Muhammed, Arap dinini büyük ölçüde çok tanrılı bir kurumdan, esas olarak tek tanrılı bir kurguya dönüştürdü. İslam'ın başından beri, İslam'ın başlaması, İslam'ın tek bir tanrının varlığını vaaz eder. tanrıların çokluğu.

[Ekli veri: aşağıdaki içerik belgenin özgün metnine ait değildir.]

lemma emeasure_limit_measure_shifted_cylinder:
  assumes J: "finite J" and B: "\<And>i. i \<in> J \<Longrightarrow> B i \<in> sets borel"
  shows "emeasure limit_measure {w. restrict w ((\<lambda>i. i + 1) ` J) \<in> PiE ((\<lambda>i. i + 1) ` J) (\<lambda>i. B (i - 1))}
    = emeasure limit_measure {w. restrict w J \<in> PiE J B}"
proof -
  define J' where "J' = (\<lambda>i. i + 1) ` J"
  define B' where "B' i = B (i - 1)" for i
  define f where "f v = (indicator (PiE J B) (restrict v J) :: real)" for v :: "int \<Rightarrow> real"
  have "finite J'" using J by (simp add: J'_def)
  have f: "depends_only_on J f"
    by (simp add: depends_only_on_def f_def)
  have f_shift: "depends_only_on J' (\<lambda>v. f (shift v))"
    unfolding J'_def by (rule depends_only_on_shift[OF f])
  have X: "PiE J B \<in> sets (PiM J (\<lambda>_. borel))"
    using B J by (simp add: sets_PiM_I_finite)
  have X': "PiE J' B' \<in> sets (PiM J' (\<lambda>_. borel))"
    using B J by (intro sets_PiM_I_finite) (auto simp: J'_def B'_def)
  have "indicator (PiE J' B') y = f (shift y)" if "y \<in> patterns J'" for y
    unfolding J'_def B'_def f_def
    by (rule indicator_PiE_shift) (use that in \<open>auto simp: patterns_def PiE_def J'_def\<close>)
  then have "emeasure limit_measure {w. restrict w J' \<in> PiE J' B'}
      = ennreal (\<Sum>y\<in>patterns J'. f (shift y) * limit_freq (J', y))"
    unfolding emeasure_limit_measure_cylinder[OF \<open>finite J'\<close> X'] sum_patterns_Int[OF \<open>finite J'\<close>]
    by simp
  also have "(\<Sum>y\<in>patterns J'. f (shift y) * limit_freq (J', y))
      = (\<Sum>y\<in>patterns J. f y * limit_freq (J, y))"
    using J f \<open>finite J'\<close> f_shift by (rule limit_freq_shift[where B = 1]) (simp add: f_def)
  also have "\<dots> = (\<Sum>y\<in>patterns J \<inter> PiE J B. limit_freq (J, y))"
    by (simp add: sum_patterns_Int[OF J] f_def restrict_pattern)
  also have "ennreal \<dots> = emeasure limit_measure {w. restrict w J \<in> PiE J B}"
    by (rule emeasure_limit_measure_cylinder[OF J X, symmetric])
  finally show ?thesis
    by (simp only: J'_def B'_def)
qed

Muhammed’den önce, Arap Yarımadası kıyılar ve nehirler boyunca göreceli olarak bağımsız şehirlerden oluşuyordu. Yarımadanın merkezindeki çölde göçebe kabileler yaşıyordu. Bu coğrafi ve politik bölünme aynı zamanda dini bölünmeye de yol açtı; her şehir daha geniş alanları etkileyen daha fazla tanrı ve tanrıçaya ek olarak kendi tanrı ve tanrıça panteonlarına sahipti. Örneğin Mekke'de, 360 yerel ve bölgesel tanrı imajını barındıran Kabe adlı bir bina vardı. Bu çok tanrılı karışımda, bazı Hristiyan ve Yahudi toplulukları da vardı. İslam'da bu zaman dilimine "el-cahiliyya" veya "cehaletin çağı veya durumu" denir.
Hıristiyanlık ve Musevilik gibi, Muhammed'in dini İslam da tek tanrılıydı. Başlangıçta, Mekke'deki yerel otoriteler yeni dini kabul etmedi, yerel tanrıları rahatsız edeceğinden ve iş ve hac trafiğinde bir düşüş yaratacağından korkuyordu. Bununla birlikte, din hem yeni inananları ikna ederek hem de fetihle hızla yayılmaya başladı. Muhammed'in yaşamının sonuna gelindiğinde, Arap Yarımadası'nın tamamı Müslüman kontrolü altındaydı ve o bölgede yaşayan insanlar büyük ölçüde tek tanrılı Müslümanlardı.